Second, we have the character of Suki to consider. She was fine until we discover she's really not this sweet and bumbling girl, but a fierce revolutionary. It isn't so much this twist that causes problems in The Long Game, it's the fact that if you take it at face value she certainly isn't a smart revolutionary. If this had been a story from the classic era, over two or three episodes we could have been given a hint of her true identity, but because it's only a forty-odd minute show, she just is...and in an ironic twist on a story about accepting everything we're given, we HAVE to accept that she is a revolutionary, who apparently never thought that once on Floor 500 she would have to face the actual source of the evil she was fighting against.

As a sublet to Suki's problem, it strikes me as a convenient deus ex machina that once we're told she is dead (but the chip inside her is still working), she suddenly comes alive in a roundabout way to stop the Editor from fleeing. How does a corpse (which is what she basically is) know to grab hold of her adversary's leg? It is just a little TOO convenient.

Langley and Adams give good performances, mainly because The Long Game is really about them, not about the Doctor, or Rose, or even the Editor or Editor-in-Chief. Adams' frustration as Cathica is relate-able, for most people feel the irritation of being passed over for promotion they have worked long for. In an odd way, so is Adam's fall into the temptation of profiting from future knowledge. He does falter slightly when he tries to have comedic moments prior to the operation, I think because there appears an attempt to make these moments lighter. They don't work.

Pegg is unrecognizable as the Editor, with great makeup work by Supervisor Davy Jones.

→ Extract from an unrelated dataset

(* Let $\underline{X}=(X_n,p_n)$ and $\underline{Y}=(Y_n,q_n)$ be inverse sequences of sets, let $(f_n,\Phi):\underline{X}\to\underline{Y}$ be a morphism of inverse sequences, let $(t_k)_{k\ge1}$ be integers with $t_1>\Phi(1),\Phi(2)$, $t_k>t_{k-1},\Phi(k+1)$ for $k\ge2$, and $f_i\circ p_{\Phi(i)t_k}=q_{i,k+1}\circ f_{k+1}\circ p_{\Phi(k+1)t_k}$ for all $i\le k$, and let $\hat f:(T_{\underline{X}},v)\to(T_{\underline{Y}},w)$ be the map defined below. Then $\hat f$ is non-expansive, i.e. $d(\hat f(x),\hat f(x'))\le d(x,x')$ for all $x,x'\in T_{\underline{X}}$.
   Context: For an inverse sequence of sets $(X_n,p_n)_{n\ge1}$ ($p_n:X_{n+1}\to X_n$, $p_{nm}=p_n\circ\cdots\circ p_{m-1}:X_m\to X_n$ for $n<m$, $p_{nn}=\mathrm{id}$), the tree $T_{\underline{X}}$ is the geometric realization of the graph with vertex set $\{v\}\sqcup\bigsqcup_n X_n$ and edges $\{x,p_n(x)\}$ for $x\in X_{n+1}$ and $\{x,v\}$ for $x\in X_1$, each edge of length 1, with the path metric, rooted at $v$; vertices of $X_n$ are at distance $n$ from $v$. Similarly $(T_{\underline{Y}},w)$. A morphism $(f_n,\Phi)$ consists of $\Phi:\mathbb{N}\to\mathbb{N}$ and maps $f_n:X_{\Phi(n)}\to Y_n$ such that for all $n'>n$ there is $m\ge\Phi(n),\Phi(n')$ with $f_n\circ p_{\Phi(n)m}=q_{nn'}\circ f_{n'}\circ p_{\Phi(n')m}$. Definition of $\hat f$: let $x\in T_{\underline{X}}$ with $t=d(v,x)$, and for each integer $j\le t$ let $x_j$ be the vertex of $X_j$ lying on the arc $[v,x]$. If $t\le t_1$ put $\hat f(x)=w$. If $t_k\le t\le t_{k+1}$ with $k\ge1$, put $y_0=w$ and $y_j=f_j(x_{\Phi(j)})\in Y_j$ for $j\ge1$; then $y_{k-1},y_k$ are adjacent vertices of $T_{\underline{Y}}$, and $\hat f(x)$ is the point of the edge $[y_{k-1},y_k]$ at distance $\frac{t-t_k}{t_{k+1}-t_k}$ from $y_{k-1}$. *)

theory Defs
  imports Complex_Main
begin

He appears to be relishing a chance to be a bit over-the-top, but since the Editor is really just a stooge for a more powerful force, we can accept that. Eccleston and Tyler, unfortunately, don't seem to be a major part of The Long Game. In fact, it's Cathica, not the Doctor, who saves the day in the end.

As for kicking Adam out of the TARDIS, I don't see this as controversial in any way. Rather, I see this as the only logical thing to do. Adam has proven himself not just untrustworthy, but downright dangerous. If he were to go on another adventure (say, into the past), what is to stop him from trying to change history and profitting from it? His greed (perhaps not for money, but for inside information) shows him to be a weak man, and a weak man is the last thing the Doctor needs. As a side note, there are a couple of good moments in The Long Game: when the Doctor comments to Rose, "You and your boyfriends" (referring to Adam and Mickey), he shows an unexpected light side that adds a touch of true levity to the story.

I can't get over the feeling that The Long Game was really a lost opportunity; what could have been a sharp commentary on the power of the visual medium are human's reliance and unquestioning acceptance on the news we're given gave way to a second-rate monster and a less-than-thrilling story. Granted, it may tie in to another future story, but the title never really fits into the story itself. We don't have an idea as to what the long game actually is. In the end, The Long Game is not a story that will stop the presses.